Amongst birds the expedition found a new species of honey eater, and living specimens of birds of paradise that were previously believed to be extinct and were only known from dead specimens and feathers. Beehler commented: "It was a close to the Garden of Eden as you're going to find on earth. We found dozens, if not hundreds of new species in what is probably the most pristine ecosystem in the whole Asia-Pacific region." The scientists were also surprised by the "lack of wariness" of the birds and animals.

Editorial Comment: The abundance of plants, animals and birds found in this uninhabited region of New Guinea gives us a clue as to why animals such as kangaroos and echidnas are now confined to Australia and New Guinea - they have survived due to lack of predation particularly by humans. They did not evolve there. Fossils of marsuipials are even more widespread, being found as far as China and South America, Canada and France.
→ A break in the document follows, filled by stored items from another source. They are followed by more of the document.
lemma emeasure_bernoulli_pair:
  assumes x: "0 \<le> x" "x \<le> 1" and ab: "a \<noteq> b"
  shows "emeasure (PiM UNIV (\<lambda>_::nat. measure_pmf (bernoulli_pmf x))) {\<omega>. \<omega> a \<and> \<omega> b} = ennreal (x * x)"
proof -
  interpret product_prob_space "\<lambda>_::nat. measure_pmf (bernoulli_pmf x)" UNIV
    by (rule product_prob_spaceI) (rule prob_space_measure_pmf)
  have "{\<omega>. \<omega> a \<and> \<omega> b} = {\<omega>\<in>space (PiM UNIV (\<lambda>_::nat. measure_pmf (bernoulli_pmf x))). \<forall>i\<in>{a,b}. \<omega> i \<in> {True}}"
    by (auto simp: space_PiM)
  also have "emeasure (PiM UNIV (\<lambda>_::nat. measure_pmf (bernoulli_pmf x))) \<dots> =
      (\<Prod>i\<in>{a,b}. emeasure (measure_pmf (bernoulli_pmf x)) {True})"
    by (rule emeasure_PiM_Collect) auto
  also have "\<dots> = ennreal x * ennreal x" using ab x by (simp add: emeasure_pmf_single)
  finally show ?thesis using x by (simp add: ennreal_mult)
qed

lemma relevant_marks_subset_pairs: "relevant_marks J \<subseteq> (\<Union>p\<in>{p\<in>{1..J}\<times>{1..J}. fst p < snd p}. {\<omega>. \<omega> (fst p) \<and> \<omega> (snd p)})"
proof
  fix \<omega> assume "\<omega> \<in> relevant_marks J"
  then have c: "2 \<le> card (participants \<omega> \<inter> {1..J})" by (simp add: relevant_marks_def)
  have fin: "finite (participants \<omega> \<inter> {1..J})" by simp
  have "participants \<omega> \<inter> {1..J} \<noteq> {}" using c by auto
  then obtain u where u: "u \<in> participants \<omega> \<inter> {1..J}" by blast
  have "card (participants \<omega> \<inter> {1..J} - {u}) = card (participants \<omega> \<inter> {1..J}) - 1"
    using u fin by (simp add: card_Diff_singleton)
  then have "1 \<le> card (participants \<omega> \<inter> {1..J} - {u})" using c by linarith
  then have "participants \<omega> \<inter> {1..J} - {u} \<noteq> {}" by (metis card.empty not_one_le_zero)
  then obtain v where v: "v \<in> participants \<omega> \<inter> {1..J}" "u \<noteq> v" by blast
  have uv: "\<omega> u" "\<omega> v" "u \<in> {1..J}" "v \<in> {1..J}" using u v by (auto simp: participants_def)
  show "\<omega> \<in> (\<Union>p\<in>{p\<in>{1..J}\<times>{1..J}. fst p < snd p}. {\<omega>. \<omega> (fst p) \<and> \<omega> (snd p)})"
  proof (cases "u < v")
    case True
    then have "(u,v) \<in> {p\<in>{1..J}\<times>{1..J}. fst p < snd p}" "\<omega> \<in> {\<omega>. \<omega> (fst (u,v)) \<and> \<omega> (snd (u,v))}"
      using uv by auto
    then show ?thesis by blast
  next
    case False then have "v < u" using v(2) by simp
    then have "(v,u) \<in> {p\<in>{1..J}\<times>{1..J}. fst p < snd p}" "\<omega> \<in> {\<omega>. \<omega> (fst (v,u)) \<and> \<omega> (snd (v,u))}"
      using uv by auto
    then show ?thesis by blast
  qed
qed

lemma emeasure_bernoulli_relevant_marks:
  assumes x: "0 < x" "x \<le> 1"
  shows "emeasure (PiM UNIV (\<lambda>_::nat. measure_pmf (bernoulli_pmf x))) (relevant_marks J) \<le> ennreal (real (J * J) * (x * x))"
proof -
  let ?P = "PiM UNIV (\<lambda>_::nat. measure_pmf (bernoulli_pmf x))"
  let ?I = "{p\<in>{1..J}\<times>{1..J}. fst p < snd p}"
  let ?A = "\<lambda>p::nat\<times>nat. {\<omega>. \<omega> (fst p) \<and> \<omega> (snd p)}"
  have fI: "finite ?I" by (rule finite_subset[of _ "{1..J}\<times>{1..J}"]) auto
  have Asets: "?A p \<in> sets ?P" for p
  proof -
    have "?A p = {b\<in>space mark_space. \<forall>k\<in>{fst p, snd p}. b k \<in> {True}}"
      by (auto simp: space_mark_space)
    also have "\<dots> \<in> sets mark_space" by (rule coordinates_sets) simp
    finally show ?thesis by (simp add: sets_bernoulli_marks)
  qed
  have "emeasure ?P (relevant_marks J) \<le> emeasure ?P (\<Union>p\<in>?I. ?A p)"
    by (rule emeasure_mono[OF relevant_marks_subset_pairs]) (use fI Asets in auto)
  also have "\<dots> \<le> (\<Sum>p\<in>?I. emeasure ?P (?A p))"
    by (rule emeasure_subadditive_finite[OF fI]) (use Asets in auto)
  also have "\<dots> = (\<Sum>p\<in>?I. ennreal (x * x))"
    by (rule sum.cong) (use x emeasure_bernoulli_pair in auto)
  also have "\<dots> = of_nat (card ?I) * ennreal (x * x)" by simp
  also have "\<dots> \<le> of_nat (J * J) * ennreal (x * x)"
  proof -
    have "card ?I \<le> card ({1..J}\<times>{1..J})" by (rule card_mono) auto
    then have "card ?I \<le> J * J" by (simp add: card_cartesian_product)
    then have "(of_nat (card ?I) :: ennreal) \<le> of_nat (J * J)" by (rule of_nat_mono)
    then show ?thesis by (rule mult_right_mono) simp
  qed
  also have "\<dots> = ennreal (real (J * J) * (x * x))" using x by (simp add: ennreal_mult ennreal_of_nat_eq_real_of_nat)
  finally show ?thesis .
qed

text \<open>pair_measure is the product of the two factors on rectangles, or the zero measure if the
iterated integral is not countably additive; intensity_scale records which case occurs, and the
argument works in both.\<close>

definition intensity_scale :: "real measure \<Rightarrow> ennreal" where
  "intensity_scale \<Lambda> = (if measure_space (space (restrict_space lborel {0::real..}) \<times> space (mark_intensity \<Lambda>))
      (sigma_sets (space (restrict_space lborel {0::real..}) \<times> space (mark_intensity \<Lambda>))
         {a \<times> b |a b. a \<in> sets (restrict_space lborel {0::real..}) \<and> b \<in> sets (mark_intensity \<Lambda>)})
      (\<lambda>X. \<integral>\<^sup>+x. (\<integral>\<^sup>+y. indicator X (x,y) \<partial>mark_intensity \<Lambda>) \<partial>restrict_space lborel {0::real..})
    then 1 else 0)"

lemma intensity_scale_0_or_1: "intensity_scale \<Lambda> = 0 \<or> intensity_scale \<Lambda> = 1"
  by (simp add: intensity_scale_def)

lemma intensity_scale_le_1: "intensity_scale \<Lambda> \<le> 1" by (simp add: intensity_scale_def)

lemma event_intensity_Times:
  assumes I: "I \<in> sets borel" "I \<subseteq> {0..}" and B: "B \<in> sets mark_space"
  shows "I \<times> B \<in> sets (event_intensity \<Lambda>)"
    "emeasure (event_intensity \<Lambda>) (I \<times> B) = intensity_scale \<Lambda> * (emeasure lborel I * emeasure (mark_intensity \<Lambda>) B)"
proof -
  let ?R = "restrict_space lborel {0::real..}"
  let ?K = "mark_intensity \<Lambda>"
  have IR: "I \<in> sets ?R" using I by (subst sets_restrict_space_iff) auto
  have BK: "B \<in> sets ?K" using B by (simp add: sets_mark_intensity)
  show "I \<times> B \<in> sets (event_intensity \<Lambda>)"
    unfolding event_intensity_def using IR BK by (rule pair_measureI)
  have inner: "(\<integral>\<^sup>+y. indicator (I \<times> B) (x,y) \<partial>?K) = emeasure ?K B * indicator I x" for x
  proof -
    have "(\<integral>\<^sup>+y. indicator (I \<times> B) (x,y) \<partial>?K) = (\<integral>\<^sup>+y. indicator I x * indicator B y \<partial>?K)"
      by (rule nn_integral_cong) (simp add: indicator_def)
    also have "\<dots> = indicator I x * emeasure ?K B" by (rule nn_integral_cmult_indicator[OF BK])
    finally show ?thesis by (simp add: mult.commute)
  qed
  have dbl: "(\<integral>\<^sup>+x. (\<integral>\<^sup>+y. indicator (I \<times> B) (x,y) \<partial>?K) \<partial>?R) = emeasure lborel I * emeasure ?K B"
  proof -
    have "(\<integral>\<^sup>+x. (\<integral>\<^sup>+y. indicator (I \<times> B) (x,y) \<partial>?K) \<partial>?R) = (\<integral>\<^sup>+x. emeasure ?K B * indicator I x \<partial>?R)"
      using inner by simp
    also have "\<dots> = emeasure ?K B * emeasure ?R I" by (rule nn_integral_cmult_indicator[OF IR])
    also have "emeasure ?R I = emeasure lborel I" by (rule emeasure_restrict_space) (use I in auto)
    finally show ?thesis by (simp add: mult.commute)
  qed
  have gen: "I \<times> B \<in> sigma_sets (space ?R \<times> space ?K) {a \<times> b |a b. a \<in> sets ?R \<and> b \<in> sets ?K}"
    using IR BK by (intro sigma_sets.Basic) blast
  show "emeasure (event_intensity \<Lambda>) (I \<times> B) = intensity_scale \<Lambda> * (emeasure lborel I * emeasure (mark_intensity \<Lambda>) B)"
    unfolding event_intensity_def pair_measure_def emeasure_measure_of_conv
    using gen dbl by (simp add: intensity_scale_def)
qed

lemma cell_borel: "cell a h i \<in> sets borel" by (simp add: cell_def)

lemma emeasure_cell: "0 \<le> h \<Longrightarrow> emeasure lborel (cell a h i) = ennreal h"
proof -
  assume h: "0 \<le> h"
  have "a + real i * h \<le> a + real (Suc i) * h" using h by (simp add: algebra_simps)
  then show ?thesis by (simp add: cell_def algebra_simps)
qed

lemma finite_relevant_pairs:
  "finite {(i::nat, j::nat). 1 \<le> i \<and> i < j \<and> (\<lambda>k. k = i \<or> k = j) \<in> relevant_marks J}"
proof (rule finite_subset[of _ "{0..J} \<times> {0..J}"])
  show "{(i, j). 1 \<le> i \<and> i < j \<and> (\<lambda>k. k = i \<or> k = j) \<in> relevant_marks J} \<subseteq> {0..J} \<times> {0..J}"
  proof
    fix p assume "p \<in> {(i, j). 1 \<le> i \<and> i < j \<and> (\<lambda>k. k = i \<or> k = j) \<in> relevant_marks J}"
    then obtain i j where ij: "p = (i, j)" and p: "1 \<le> i" "i < j" "(\<lambda>k. k = i \<or> k = j) \<in> relevant_marks J"
      by auto
    have "j \<le> J"
    proof (rule ccontr)
      assume "\<not> j \<le> J"
      then have "participants (\<lambda>k. k = i \<or> k = j) \<inter> {1..J} \<subseteq> {i}" by (auto simp: participants_def)
      then have "card (participants (\<lambda>k. k = i \<or> k = j) \<inter> {1..J}) \<le> card {i}"
        by (intro card_mono) simp_all
      then show False using p(3) by (simp add: relevant_marks_def)
    qed
    then show "p \<in> {0..J} \<times> {0..J}" using ij p by auto
  qed
qed simp

text \<open>The factor x^2 bounding the probability of two participants among J levels cancels the
singularity of the intensity x^-2.\<close>

lemma bernoulli_relevant_marks_density_le:
  "ennreal (1 / x\<^sup>2) * emeasure (PiM UNIV (\<lambda>_::nat. measure_pmf (bernoulli_pmf x))) (relevant_marks J)
     * indicator {0<..1} x \<le> ennreal (real (J * J))"
proof (cases "x \<in> {0<..1}")
  case True
  then have x: "0 < x" "x \<le> 1" by auto
  have "ennreal (1 / x\<^sup>2) * emeasure (PiM UNIV (\<lambda>_::nat. measure_pmf (bernoulli_pmf x))) (relevant_marks J)
      \<le> ennreal (1 / x\<^sup>2) * ennreal (real (J * J) * (x * x))"
    by (rule mult_left_mono[OF emeasure_bernoulli_relevant_marks[OF x]]) simp
  also have "\<dots> = ennreal (1 / x\<^sup>2 * (real (J * J) * (x * x)))"
    by (rule ennreal_mult[symmetric]) (use x in simp_all)
  also have "1 / x\<^sup>2 * (real (J * J) * (x * x)) = real (J * J)" using x by (simp add: power2_eq_square field_simps)
  finally show ?thesis using True by simp
qed simp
Both living and fossil evidence of marsupials and montremes (platypus and echidna) fits the Biblical history of world. After Noah's flood, animals from the ark migrated over the earth. During this time there were extremes of climate and sea levels varied, enabling animals to migrate across land bridges when the levels were low, but then trapping them in those regions when the sea levels rose. After the flood, some animals became predators and humans began hunting and killing animals. As a result some animals quickly became extinct, but those that found themselves in remote places like mountains of New Guinea or inland Australia have survived. The next step is obvious-as people move into this newly discovered "Garden of Eden". Creation Research predicts the current fauna and flora will start to become extinct as they will not, and cannot, evolve to cope with the change. (Ref. migration, extinction, devolution, prediction)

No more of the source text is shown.